Presenter of 1 Presentation
TDP-43 IMMUNOTHERAPY DECREASES NEUROPATHOLOGY AND CONFERS NEUROPROTECTION THROUGH MICROGLIAL ENGAGEMENT IN MOUSE MODELS OF ALS/FTD
Abstract
Aims
Accumulation of pathological transactive response DNA binding protein 43 (TDP-43) into intracellular inclusions underlies frontotemporal lobar degeneration with TDP-43 pathology (FTLD-TDP), amyotrophic lateral sclerosis (ALS) as well as the newly defined limbic-predominant age-related TDP-43 encephalopathy (LATE). TDP-43 inclusions are also present as co-pathology in other neurodegenerative diseases including Alzheimer’s disease. However, no therapeutic interventions targeting TDP-43 pathology are in clinical development.
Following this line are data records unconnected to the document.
lemma pair_count_affine: "(\<lambda>n. pair_count n i j - pair_rate i j * real n) \<in> O(\<lambda>_. 1)"
proof (induction "i + j" arbitrary: i j rule: less_induct)
  case less
  show ?case
  proof (cases "i = 0 \<or> j = 0")
    case True
    then show ?thesis by (auto simp: pair_count_zero pair_rate_zero)
  next
    case False
    then obtain i' j' where ij: "i = Suc i'" "j = Suc j'" by (meson not0_implies_Suc)
    show ?thesis unfolding ij by (rule pair_count_step) (use less ij in simp_all)
  qed
qed

lemma Gamma_Suc_pos: "(x::real) > 0 \<Longrightarrow> Gamma (x + 1) = x * Gamma x"
  by (rule Gamma_plus1) (use nonpos_Ints_nonpos in fastforce)

lemma x_one: "paa_x lam k (Suc 0) = (1 + alpha) / (2 + alpha)"
proof -
  have "Gamma (2 + alpha + 1) = (2 + alpha) * Gamma (2 + alpha)"
    using alpha_pos by (intro Gamma_Suc_pos) simp
  moreover have "Gamma (2 + alpha) > 0" using alpha_pos by (intro Gamma_real_pos) simp
  ultimately show ?thesis by (simp add: paa_x_def Let_def alpha_def[symmetric])
qed

lemma x_Suc: "i \<ge> 1 \<Longrightarrow> paa_x lam k (Suc i) = real i / (real i + 2 + alpha) * paa_x lam k i"
proof -
  assume i: "i \<ge> 1"
  have "Gamma (real i + 1) = real i * Gamma (real i)" using i by (intro Gamma_Suc_pos) simp
  moreover have "Gamma (2 + alpha + real i + 1) = (2 + alpha + real i) * Gamma (2 + alpha + real i)"
    using alpha_pos by (intro Gamma_Suc_pos) simp
  moreover have "Gamma (2 + alpha + real i) > 0" using alpha_pos by (intro Gamma_real_pos) simp
  ultimately show ?thesis
    using i alpha_pos by (simp add: paa_x_def Let_def alpha_def[symmetric] field_simps)
qed

lemma dl_rate_scaled: "(1 + alpha) * dl_rate s = real s"
  using alpha_pos by (simp add: dl_rate_def)

lemma mean_rate_scaled:
  "(real (Suc i) + 1 + alpha) * mean_rate (Suc i)
   = real i * mean_rate i + (1 + alpha) * real k * of_bool (i = 0)"
proof -
  have D: "(1 + alpha) * (1 + dl_rate (Suc i)) = real (Suc i) + 1 + alpha"
    using dl_rate_scaled[of "Suc i"] by (simp add: algebra_simps)
  have "1 + dl_rate (Suc i) \<noteq> 0" using dl_rate_Suc_pos[of i] by simp
  then have "(1 + dl_rate (Suc i)) * mean_rate (Suc i) = dl_rate i * mean_rate i + real k * of_bool (i = 0)"
    by (simp add: mean_rate.simps(2))
  then have "(real (Suc i) + 1 + alpha) * mean_rate (Suc i)
        = (1 + alpha) * (dl_rate i * mean_rate i + real k * of_bool (i = 0))"
    unfolding D[symmetric] by (simp only: mult.assoc)
  also have "\<dots> = real i * mean_rate i + (1 + alpha) * real k * of_bool (i = 0)"
    by (simp only: distrib_left mult.assoc[symmetric] dl_rate_scaled)
  finally show ?thesis .
qed

lemma pair_rate_scaled:
  "(real (Suc i) + real (Suc j) + 1 + alpha) * pair_rate (Suc i) (Suc j)
   = real i * pair_rate i (Suc j) + real j * pair_rate (Suc i) j
     + (1 + alpha) * real k * of_bool (i = 0 \<and> j = 0)"
proof -
  have D: "(1 + alpha) * (1 + dl_rate (Suc i) + dl_rate (Suc j)) = real (Suc i) + real (Suc j) + 1 + alpha"
    using dl_rate_scaled[of "Suc i"] dl_rate_scaled[of "Suc j"] by (simp add: algebra_simps)
  have "1 + dl_rate (Suc i) + dl_rate (Suc j) \<noteq> 0"
    using dl_rate_Suc_pos[of i] dl_rate_Suc_pos[of j] by simp
  then have "(1 + dl_rate (Suc i) + dl_rate (Suc j)) * pair_rate (Suc i) (Suc j)
      = dl_rate i * pair_rate i (Suc j) + dl_rate j * pair_rate (Suc i) j + real k * of_bool (i = 0 \<and> j = 0)"
    by (simp add: pair_rate_Suc)
  then have "(real (Suc i) + real (Suc j) + 1 + alpha) * pair_rate (Suc i) (Suc j)
      = (1 + alpha) * (dl_rate i * pair_rate i (Suc j) + dl_rate j * pair_rate (Suc i) j
                       + real k * of_bool (i = 0 \<and> j = 0))"
    unfolding D[symmetric] by (simp only: mult.assoc)
  also have "\<dots> = real i * pair_rate i (Suc j) + real j * pair_rate (Suc i) j
                   + (1 + alpha) * real k * of_bool (i = 0 \<and> j = 0)"
    by (simp only: distrib_left mult.assoc[symmetric] dl_rate_scaled)
  finally show ?thesis .
qed

lemma mean_rate_eq_x: "mean_rate i = real k * paa_x lam k i"
proof (induction i)
  case 0
  show ?case by (simp add: paa_x_def)
next
  case (Suc i)
  have pos: "real (Suc i) + 1 + alpha > 0" using alpha_pos by simp
  show ?case
  proof (cases "i = 0")
    case True
    then show ?thesis
      using mean_rate_scaled[of 0] pos by (simp add: x_one field_simps)
  next
    case False
    then have "(real (Suc i) + 1 + alpha) * mean_rate (Suc i)
        = (real (Suc i) + 1 + alpha) * (real k * paa_x lam k (Suc i))"
      using mean_rate_scaled[of i] Suc.IH pos by (simp add: x_Suc field_simps)
    then show ?thesis using pos by simp
  qed
qed

lemma x_eq_mean_rate: "paa_x lam k i = mean_rate i / real k"
  using k_pos by (simp add: mean_rate_eq_x)

definition h_lim :: "nat \<Rightarrow> nat \<Rightarrow> real" where
  "h_lim i j = ((if i = j then mean_rate i else 0) - pair_rate i j) / real k"

lemma h_lim_sym: "h_lim i j = h_lim j i"
  by (simp add: h_lim_def pair_rate_sym)

lemma h_lim_zero: "min i j = 0 \<Longrightarrow> h_lim i j = 0"
  by (auto simp: h_lim_def pair_rate_zero min_def split: if_splits)

(* The three recursions of h, each obtained from the scaled rate recursions by clearing
   the denominator 1 + alpha. *)
lemma h_lim_diag:
  assumes "i \<ge> 1"
  shows "h_lim i i = (2 * real (i - 1) * h_lim i (i - 1) + real i * paa_x lam k i
                      + real (i - 1) * paa_x lam k (i - 1)) / (2 * real i + 1 + alpha)"
proof -
  obtain m where i: "i = Suc m" using assms by (cases i) auto
  have "(2 * real i + 1 + alpha) * pair_rate i i
        = 2 * real m * pair_rate i m + (1 + alpha) * real k * of_bool (m = 0)"
    using pair_rate_scaled[of m m] pair_rate_sym[of m i] by (simp add: i)
  moreover have "(real i + 1 + alpha) * mean_rate i
        = real m * mean_rate m + (1 + alpha) * real k * of_bool (m = 0)"
    using mean_rate_scaled[of m] by (simp add: i)
  ultimately have key: "2 * real m * (- pair_rate i m) + real i * mean_rate i + real m * mean_rate m
        = (2 * real i + 1 + alpha) * (mean_rate i - pair_rate i i)"
    by (simp add: i algebra_simps)
  have "2 * real m * h_lim i m + real i * paa_x lam k i + real m * paa_x lam k m
        = (2 * real m * (- pair_rate i m) + real i * mean_rate i + real m * mean_rate m) / real k"
    using k_pos by (simp add: i h_lim_def x_eq_mean_rate field_simps)
  moreover have "2 * real i + 1 + alpha \<noteq> 0" using alpha_pos by simp
  ultimately show ?thesis
    unfolding key by (simp add: i h_lim_def)
qed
Antibody-mediated clearance of misfolded TDP-43 by microglia and inhibition of cell-to-cell protein spreading represents an attractive strategy for therapeutic intervention.
Methods
Monoclonal antibodies (mAbs) were generated against various regions of TDP-43 using AC Immune’s proprietary SupraAntigenTM platform and selected for evaluation in cell-based and mouse models of TDP-43 proteinopathies.
Results
From a panel of mAbs, ACI-5891 binding to the C-terminal domain of TDP-43 was identified to substantially reduce de novo and templated TDP-43 aggregation induced by FTLD-TDP brain extracts. In rNLS8 transgenic mouse model of ALS and FTLD-TDP, ACI-5891 significantly reduced the levels of phosphorylated TDP-43 (pTDP-43) and insoluble TDP-43 in the brain with a concomitant increase in hypertrophic microglia without induction of inflammation. These outcomes translated into a significant neuroprotective effect in a second mouse model induced by inoculation of FTLD-TDP brain extracts and correlated with significant increase of mAb-mediated TDP-43 aggregate uptake by microglia in vitro.
Conclusions
Our findings demonstrate for the first time that a mAb specific for the C-terminal region of TDP-43 enables clearance of misfolded TDP-43 in vivo through microglia engagement thus limiting pathology progression and conferring neuroprotection. These results support the clinical assessment of TDP-43 immunotherapy.